+++ DATA EXTRACT +++
lemma ex_estimator_success_prob_ge:
  assumes "finite S"
  shows "\<exists>f. measure_pmf.prob \<pi> S - overlap_sum \<mu> S \<le> success_prob \<pi> \<mu> f"
proof (cases "S = {}")
  case True
  then show ?thesis
    by (simp add: overlap_sum_def success_prob_def integral_nonneg_AE)
next
  case False
  let ?w = "\<lambda>i \<sigma>. pmf \<pi> i * pmf (\<mu> i) \<sigma>"
  have "\<exists>i\<in>S. \<forall>j\<in>S. ?w j \<sigma> \<le> ?w i \<sigma>" for \<sigma>
  proof -
    have "Max ((\<lambda>i. ?w i \<sigma>) ` S) \<in> (\<lambda>i. ?w i \<sigma>) ` S"
      using assms False by (intro Max_in) auto
    then obtain i where i: "i \<in> S" "?w i \<sigma> = Max ((\<lambda>i. ?w i \<sigma>) ` S)"
      by auto
    then have "\<forall>j\<in>S. ?w j \<sigma> \<le> ?w i \<sigma>"
      using assms by simp
    then show ?thesis
      using i by blast
  qed
  then obtain f where "\<And>\<sigma>. f \<sigma> \<in> S" "\<And>\<sigma> j. j \<in> S \<Longrightarrow> ?w j \<sigma> \<le> ?w (f \<sigma>) \<sigma>"
    by metis
  then show ?thesis
    using success_prob_ge_if_MAP[OF assms] by blast
qed

text \<open>The estimator does not depend on S: it is the MAP estimator of a set that nearly
  minimises the error bound.\<close>

lemma ex_estimator_uniformly_near_MAP:
  assumes "\<epsilon> > 0"
  shows "\<exists>f. \<forall>S. finite S \<longrightarrow>
           1 - success_prob \<pi> \<mu> f \<le> 1 - measure_pmf.prob \<pi> S + overlap_sum \<mu> S + \<epsilon>"
proof -
  define b where "b S = 1 - measure_pmf.prob \<pi> S + overlap_sum \<mu> S" for S
  let ?B = "b ` {S. finite S}"
  have "bdd_below ?B"
    by (rule bdd_belowI[of _ 0]) (auto simp: b_def overlap_sum_nonneg add_nonneg_nonneg)
  obtain S0 where "finite S0" "b S0 < Inf ?B + \<epsilon>"
    using cInf_lessD[of ?B "Inf ?B + \<epsilon>"] assms by auto
  moreover obtain f where "measure_pmf.prob \<pi> S0 - overlap_sum \<mu> S0 \<le> success_prob \<pi> \<mu> f"
    using ex_estimator_success_prob_ge[OF \<open>finite S0\<close>] by blast
  moreover have "Inf ?B \<le> b S" if "finite S" for S
    using \<open>bdd_below ?B\<close> that by (intro cInf_lower) auto
  ultimately show ?thesis
    unfolding b_def by (intro exI[of _ f]) fastforce
qed

lemma ex_finite_subset_set_pmf_prob_gt:
  assumes "e > 0"
  shows "\<exists>S. finite S \<and> S \<subseteq> set_pmf \<pi> \<and> measure_pmf.prob \<pi> S > 1 - e"
proof -
  have "Infinite_Sum.abs_summable_on (pmf \<pi>) UNIV"
    using abs_summable_equivalent pmf_abs_summable by blast
  then have "pmf \<pi> summable_on UNIV"
    by simp
  moreover have "infsum (pmf \<pi>) UNIV = 1"
    using infsetsum_infsum[OF pmf_abs_summable[of \<pi> UNIV]] infsetsum_pmf_eq_1[of \<pi> UNIV] by simp
  ultimately have "(pmf \<pi> has_sum 1) UNIV"
    using has_sum_infsum by fastforce
  then have "eventually (\<lambda>X. 1 - e < sum (pmf \<pi>) X) (finite_subsets_at_top UNIV)"
    unfolding has_sum_def using assms by (intro order_tendstoD(1)) auto
  then obtain X where X: "finite X" "1 - e < sum (pmf \<pi>) X"
    unfolding eventually_finite_subsets_at_top by blast
  have "sum (pmf \<pi>) X = sum (pmf \<pi>) (X \<inter> set_pmf \<pi>)"
    using X(1) by (intro sum.mono_neutral_right) (auto simp: set_pmf_eq)
  then show ?thesis
    using X by (intro exI[of _ "X \<inter> set_pmf \<pi>"]) (auto simp: measure_measure_pmf_finite)
qed

lemma tv_dist_tendsto_1_if_success_prob_tendsto_1:
  assumes success: "(\<lambda>k. success_prob \<pi> (\<mu> k) (F k)) \<longlonglongrightarrow> 1"
    and "i \<noteq> j" and weights: "min (pmf \<pi> i) (pmf \<pi> j) > 0"
  shows "(\<lambda>k. tv_dist (\<mu> k i) (\<mu> k j)) \<longlonglongrightarrow> 1"
proof -
  let ?m = "min (pmf \<pi> i) (pmf \<pi> j)"
  have bound: "overlap (\<mu> k i) (\<mu> k j) \<le> (1 - success_prob \<pi> (\<mu> k) (F k)) / ?m" for k
    using error_prob_ge_weighted_overlap[OF \<open>i \<noteq> j\<close>, of \<pi> "\<mu> k" "F k"] weights
    by (simp add: field_simps)
  have "(\<lambda>k. (1 - success_prob \<pi> (\<mu> k) (F k)) / ?m) \<longlonglongrightarrow> (1 - 1) / ?m"
    by (intro tendsto_intros success) (use weights in auto)
  then have upper: "(\<lambda>k. (1 - success_prob \<pi> (\<mu> k) (F k)) / ?m) \<longlonglongrightarrow> 0"
    by simp
  have "(\<lambda>k. overlap (\<mu> k i) (\<mu> k j)) \<longlonglongrightarrow> 0"
    by (rule tendsto_sandwich[OF _ _ tendsto_const upper]) (auto simp: overlap_nonneg bound)
  then have "(\<lambda>k. 1 - overlap (\<mu> k i) (\<mu> k j)) \<longlonglongrightarrow> 1 - 0"
    by (intro tendsto_diff tendsto_const)
  then show ?thesis
    by (simp add: tv_dist_eq_1_minus_overlap)
qed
+++
## WHAT IS REQUIRED
What lines in the entries contain "that"? Report each one by copying it.

## RESPONSE TO THE TASK
text \<open>The estimator does not depend on S: it is the MAP estimator of a set that nearly
    using \<open>bdd_below ?B\<close> that by (intro cInf_lower) auto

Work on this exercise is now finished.